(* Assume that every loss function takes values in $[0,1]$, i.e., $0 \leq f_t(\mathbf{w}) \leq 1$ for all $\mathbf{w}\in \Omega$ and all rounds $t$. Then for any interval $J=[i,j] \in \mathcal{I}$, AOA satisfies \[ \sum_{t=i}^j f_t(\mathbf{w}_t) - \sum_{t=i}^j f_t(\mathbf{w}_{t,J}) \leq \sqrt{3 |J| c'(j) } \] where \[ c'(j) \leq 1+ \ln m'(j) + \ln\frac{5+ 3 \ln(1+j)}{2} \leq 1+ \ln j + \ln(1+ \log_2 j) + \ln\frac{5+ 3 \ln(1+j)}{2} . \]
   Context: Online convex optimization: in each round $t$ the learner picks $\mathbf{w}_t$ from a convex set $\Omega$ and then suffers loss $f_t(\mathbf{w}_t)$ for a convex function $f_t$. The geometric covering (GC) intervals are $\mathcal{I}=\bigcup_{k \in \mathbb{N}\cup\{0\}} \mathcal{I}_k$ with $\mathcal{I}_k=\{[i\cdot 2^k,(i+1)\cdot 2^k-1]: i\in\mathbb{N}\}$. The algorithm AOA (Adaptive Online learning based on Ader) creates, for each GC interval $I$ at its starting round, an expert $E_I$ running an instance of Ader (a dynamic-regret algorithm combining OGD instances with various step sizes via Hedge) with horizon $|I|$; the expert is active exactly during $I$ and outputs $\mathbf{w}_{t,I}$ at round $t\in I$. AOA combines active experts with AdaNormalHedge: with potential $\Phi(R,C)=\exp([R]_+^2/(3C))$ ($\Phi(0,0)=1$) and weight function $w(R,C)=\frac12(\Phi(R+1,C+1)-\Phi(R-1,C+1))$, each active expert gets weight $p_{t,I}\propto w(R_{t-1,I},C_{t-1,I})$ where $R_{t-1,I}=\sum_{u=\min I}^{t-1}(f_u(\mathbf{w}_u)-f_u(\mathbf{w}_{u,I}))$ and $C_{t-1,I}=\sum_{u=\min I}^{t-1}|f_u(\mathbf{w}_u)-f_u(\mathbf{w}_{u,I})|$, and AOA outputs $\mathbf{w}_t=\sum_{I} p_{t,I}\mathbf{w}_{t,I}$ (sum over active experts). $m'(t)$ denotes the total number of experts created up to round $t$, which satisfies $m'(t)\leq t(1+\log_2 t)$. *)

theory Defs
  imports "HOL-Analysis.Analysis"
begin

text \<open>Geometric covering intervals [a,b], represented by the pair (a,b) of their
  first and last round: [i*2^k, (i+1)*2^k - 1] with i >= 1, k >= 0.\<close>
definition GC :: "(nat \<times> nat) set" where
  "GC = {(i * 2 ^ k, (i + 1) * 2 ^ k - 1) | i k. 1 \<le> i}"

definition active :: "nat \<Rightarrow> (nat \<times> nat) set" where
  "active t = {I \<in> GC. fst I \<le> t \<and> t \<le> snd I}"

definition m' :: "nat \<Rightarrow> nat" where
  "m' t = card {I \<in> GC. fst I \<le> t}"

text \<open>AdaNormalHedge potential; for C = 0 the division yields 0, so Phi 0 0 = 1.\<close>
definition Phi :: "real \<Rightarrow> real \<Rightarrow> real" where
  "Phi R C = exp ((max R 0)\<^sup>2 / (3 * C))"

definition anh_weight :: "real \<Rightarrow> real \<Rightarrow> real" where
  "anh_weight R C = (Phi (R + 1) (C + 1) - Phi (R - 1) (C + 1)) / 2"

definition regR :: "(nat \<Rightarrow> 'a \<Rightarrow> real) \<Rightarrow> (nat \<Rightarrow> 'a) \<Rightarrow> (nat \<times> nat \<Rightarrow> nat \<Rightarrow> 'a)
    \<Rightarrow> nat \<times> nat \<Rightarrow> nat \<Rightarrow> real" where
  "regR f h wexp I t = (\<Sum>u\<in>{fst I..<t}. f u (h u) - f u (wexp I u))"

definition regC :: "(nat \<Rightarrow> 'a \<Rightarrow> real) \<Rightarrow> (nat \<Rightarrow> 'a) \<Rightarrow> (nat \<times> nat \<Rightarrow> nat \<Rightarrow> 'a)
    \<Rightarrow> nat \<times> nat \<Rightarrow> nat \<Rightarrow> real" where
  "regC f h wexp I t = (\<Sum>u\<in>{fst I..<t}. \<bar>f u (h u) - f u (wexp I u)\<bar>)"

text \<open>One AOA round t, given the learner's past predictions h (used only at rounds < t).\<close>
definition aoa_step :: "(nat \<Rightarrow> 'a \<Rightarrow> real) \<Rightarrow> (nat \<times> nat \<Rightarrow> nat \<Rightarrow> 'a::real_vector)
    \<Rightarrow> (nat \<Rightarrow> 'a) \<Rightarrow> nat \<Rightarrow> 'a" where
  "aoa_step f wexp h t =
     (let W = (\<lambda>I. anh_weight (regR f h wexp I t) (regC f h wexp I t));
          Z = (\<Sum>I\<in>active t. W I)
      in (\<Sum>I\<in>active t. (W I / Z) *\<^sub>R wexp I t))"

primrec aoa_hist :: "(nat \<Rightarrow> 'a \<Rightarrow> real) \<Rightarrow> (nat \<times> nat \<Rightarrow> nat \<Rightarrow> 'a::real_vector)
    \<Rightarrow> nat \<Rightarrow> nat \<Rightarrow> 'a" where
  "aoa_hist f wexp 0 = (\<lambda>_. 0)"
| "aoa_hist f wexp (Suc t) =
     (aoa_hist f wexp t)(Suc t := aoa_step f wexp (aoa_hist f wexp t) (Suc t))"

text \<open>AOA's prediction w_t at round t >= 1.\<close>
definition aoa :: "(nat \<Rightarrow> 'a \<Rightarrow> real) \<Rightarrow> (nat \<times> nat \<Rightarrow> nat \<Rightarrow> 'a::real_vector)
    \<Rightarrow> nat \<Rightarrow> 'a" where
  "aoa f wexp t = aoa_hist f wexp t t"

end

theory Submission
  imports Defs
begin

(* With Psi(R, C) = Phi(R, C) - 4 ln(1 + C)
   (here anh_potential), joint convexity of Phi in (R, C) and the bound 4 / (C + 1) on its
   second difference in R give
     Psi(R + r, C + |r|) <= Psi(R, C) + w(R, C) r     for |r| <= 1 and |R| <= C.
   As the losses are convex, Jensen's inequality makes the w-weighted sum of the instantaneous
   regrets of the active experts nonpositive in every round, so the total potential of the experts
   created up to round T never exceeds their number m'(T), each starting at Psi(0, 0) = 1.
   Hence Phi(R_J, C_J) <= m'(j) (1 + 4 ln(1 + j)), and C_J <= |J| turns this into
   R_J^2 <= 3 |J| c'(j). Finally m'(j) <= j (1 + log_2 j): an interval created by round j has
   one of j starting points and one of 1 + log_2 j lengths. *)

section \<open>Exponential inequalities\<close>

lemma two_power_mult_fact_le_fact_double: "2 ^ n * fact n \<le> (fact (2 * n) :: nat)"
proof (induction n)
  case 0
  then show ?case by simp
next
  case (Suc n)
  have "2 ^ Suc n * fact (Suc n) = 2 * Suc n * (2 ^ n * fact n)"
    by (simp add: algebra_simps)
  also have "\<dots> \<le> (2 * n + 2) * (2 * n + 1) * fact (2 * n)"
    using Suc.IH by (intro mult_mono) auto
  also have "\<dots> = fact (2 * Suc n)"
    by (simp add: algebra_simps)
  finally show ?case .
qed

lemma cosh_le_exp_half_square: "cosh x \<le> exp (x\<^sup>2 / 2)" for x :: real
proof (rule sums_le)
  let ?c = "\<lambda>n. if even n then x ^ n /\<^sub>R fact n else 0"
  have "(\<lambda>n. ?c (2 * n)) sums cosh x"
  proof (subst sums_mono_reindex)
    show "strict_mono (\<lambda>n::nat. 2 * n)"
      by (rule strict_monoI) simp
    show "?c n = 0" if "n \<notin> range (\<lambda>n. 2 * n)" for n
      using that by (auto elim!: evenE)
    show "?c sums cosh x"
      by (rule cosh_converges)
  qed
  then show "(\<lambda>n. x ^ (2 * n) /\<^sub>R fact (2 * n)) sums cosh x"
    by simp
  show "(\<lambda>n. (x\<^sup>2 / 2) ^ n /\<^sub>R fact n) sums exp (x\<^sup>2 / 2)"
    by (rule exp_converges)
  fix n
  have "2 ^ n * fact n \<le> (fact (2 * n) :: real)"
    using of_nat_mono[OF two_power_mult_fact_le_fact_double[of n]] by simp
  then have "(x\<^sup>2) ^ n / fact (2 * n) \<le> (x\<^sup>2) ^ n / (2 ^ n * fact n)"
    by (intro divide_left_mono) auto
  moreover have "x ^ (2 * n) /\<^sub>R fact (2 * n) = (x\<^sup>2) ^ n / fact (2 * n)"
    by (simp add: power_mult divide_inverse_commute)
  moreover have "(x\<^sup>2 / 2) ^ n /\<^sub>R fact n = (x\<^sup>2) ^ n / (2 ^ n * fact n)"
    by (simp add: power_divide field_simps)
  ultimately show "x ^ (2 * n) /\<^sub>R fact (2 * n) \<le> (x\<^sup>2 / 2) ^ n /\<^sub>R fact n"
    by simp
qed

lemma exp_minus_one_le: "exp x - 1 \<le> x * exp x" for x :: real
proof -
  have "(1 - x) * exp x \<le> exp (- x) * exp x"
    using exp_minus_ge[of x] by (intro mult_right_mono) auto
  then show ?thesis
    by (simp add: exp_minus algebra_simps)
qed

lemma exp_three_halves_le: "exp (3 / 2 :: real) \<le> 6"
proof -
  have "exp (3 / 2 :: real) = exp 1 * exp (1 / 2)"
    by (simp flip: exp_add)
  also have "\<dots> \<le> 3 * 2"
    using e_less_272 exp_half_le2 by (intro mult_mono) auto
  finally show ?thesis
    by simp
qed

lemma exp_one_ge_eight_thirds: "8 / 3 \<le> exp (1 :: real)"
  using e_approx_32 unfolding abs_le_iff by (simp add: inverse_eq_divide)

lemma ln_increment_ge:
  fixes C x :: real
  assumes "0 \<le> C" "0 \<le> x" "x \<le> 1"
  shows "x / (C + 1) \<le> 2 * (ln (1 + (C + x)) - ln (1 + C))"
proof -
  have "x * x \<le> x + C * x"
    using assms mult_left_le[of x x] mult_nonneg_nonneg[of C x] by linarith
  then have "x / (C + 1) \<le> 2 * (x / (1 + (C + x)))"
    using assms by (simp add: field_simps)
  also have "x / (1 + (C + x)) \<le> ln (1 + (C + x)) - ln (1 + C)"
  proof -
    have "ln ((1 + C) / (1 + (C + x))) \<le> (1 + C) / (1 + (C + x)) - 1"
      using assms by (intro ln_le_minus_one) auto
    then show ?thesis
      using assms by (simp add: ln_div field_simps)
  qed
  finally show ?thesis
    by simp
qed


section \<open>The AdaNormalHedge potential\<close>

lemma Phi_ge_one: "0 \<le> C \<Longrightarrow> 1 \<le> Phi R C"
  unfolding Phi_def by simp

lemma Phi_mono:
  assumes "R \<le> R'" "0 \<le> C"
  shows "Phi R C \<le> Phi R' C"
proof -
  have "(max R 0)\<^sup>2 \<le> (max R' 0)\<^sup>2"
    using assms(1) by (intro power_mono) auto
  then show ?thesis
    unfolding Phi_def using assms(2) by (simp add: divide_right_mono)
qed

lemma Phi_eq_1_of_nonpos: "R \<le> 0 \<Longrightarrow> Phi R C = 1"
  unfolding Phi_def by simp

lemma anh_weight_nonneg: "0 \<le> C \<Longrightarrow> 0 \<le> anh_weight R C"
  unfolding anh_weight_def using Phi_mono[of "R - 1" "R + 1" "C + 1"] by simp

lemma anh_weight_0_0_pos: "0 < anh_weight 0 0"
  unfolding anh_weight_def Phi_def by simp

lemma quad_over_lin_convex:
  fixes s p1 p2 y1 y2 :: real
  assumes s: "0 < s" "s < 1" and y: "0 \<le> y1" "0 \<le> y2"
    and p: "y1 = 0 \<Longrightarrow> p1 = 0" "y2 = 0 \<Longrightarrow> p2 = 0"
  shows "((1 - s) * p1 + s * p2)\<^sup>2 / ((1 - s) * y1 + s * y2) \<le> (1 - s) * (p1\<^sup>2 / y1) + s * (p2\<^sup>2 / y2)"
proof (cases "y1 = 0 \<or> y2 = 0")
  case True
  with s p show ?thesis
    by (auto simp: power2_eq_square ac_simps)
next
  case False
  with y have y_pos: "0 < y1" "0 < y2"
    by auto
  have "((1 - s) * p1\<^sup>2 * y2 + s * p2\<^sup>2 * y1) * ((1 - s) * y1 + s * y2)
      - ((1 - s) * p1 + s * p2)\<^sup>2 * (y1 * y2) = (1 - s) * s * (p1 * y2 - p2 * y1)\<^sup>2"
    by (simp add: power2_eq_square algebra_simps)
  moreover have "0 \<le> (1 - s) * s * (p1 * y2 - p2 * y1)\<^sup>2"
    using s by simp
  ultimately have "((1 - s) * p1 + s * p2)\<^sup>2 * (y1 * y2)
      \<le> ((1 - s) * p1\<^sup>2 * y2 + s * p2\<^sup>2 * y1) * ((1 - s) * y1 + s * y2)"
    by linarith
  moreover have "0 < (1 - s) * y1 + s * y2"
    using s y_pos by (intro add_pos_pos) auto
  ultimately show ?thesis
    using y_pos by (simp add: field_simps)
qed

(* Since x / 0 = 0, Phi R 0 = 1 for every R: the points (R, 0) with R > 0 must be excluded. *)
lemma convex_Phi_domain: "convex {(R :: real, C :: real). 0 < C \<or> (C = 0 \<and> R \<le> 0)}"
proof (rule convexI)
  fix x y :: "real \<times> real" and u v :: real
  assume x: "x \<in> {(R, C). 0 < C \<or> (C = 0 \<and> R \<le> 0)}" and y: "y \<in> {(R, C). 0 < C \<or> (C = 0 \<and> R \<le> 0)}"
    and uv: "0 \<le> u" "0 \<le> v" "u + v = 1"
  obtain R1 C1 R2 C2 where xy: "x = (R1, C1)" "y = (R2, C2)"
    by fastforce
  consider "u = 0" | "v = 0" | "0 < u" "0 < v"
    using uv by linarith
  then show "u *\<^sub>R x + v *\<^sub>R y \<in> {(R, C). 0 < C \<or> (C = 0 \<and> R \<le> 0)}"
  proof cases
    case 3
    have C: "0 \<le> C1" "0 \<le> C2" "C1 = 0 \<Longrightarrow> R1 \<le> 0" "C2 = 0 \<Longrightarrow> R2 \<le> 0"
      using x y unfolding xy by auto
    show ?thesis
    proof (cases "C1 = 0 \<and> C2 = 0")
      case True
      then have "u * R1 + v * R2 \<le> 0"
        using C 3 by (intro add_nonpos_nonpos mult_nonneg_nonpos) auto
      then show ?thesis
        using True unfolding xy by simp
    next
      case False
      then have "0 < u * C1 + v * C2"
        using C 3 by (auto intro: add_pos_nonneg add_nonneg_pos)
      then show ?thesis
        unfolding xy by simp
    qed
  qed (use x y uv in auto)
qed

◆ WHAT THE TASK ASKS:
Reproduce exactly, and only, the part of the listing above that begins at the line with "by (simp add: exp_minus algebra_simps)" and goes on through the line with "3 \<le> exp".

◆ WRITTEN ANSWER:
    by (simp add: exp_minus algebra_simps)
qed

lemma exp_three_halves_le: "exp (3 / 2 :: real) \<le> 6"
proof -
  have "exp (3 / 2 :: real) = exp 1 * exp (1 / 2)"
    by (simp flip: exp_add)
  also have "\<dots> \<le> 3 * 2"
    using e_less_272 exp_half_le2 by (intro mult_mono) auto
  finally show ?thesis
    by simp
qed

lemma exp_one_ge_eight_thirds: "8 / 3 \<le> exp (1 :: real)"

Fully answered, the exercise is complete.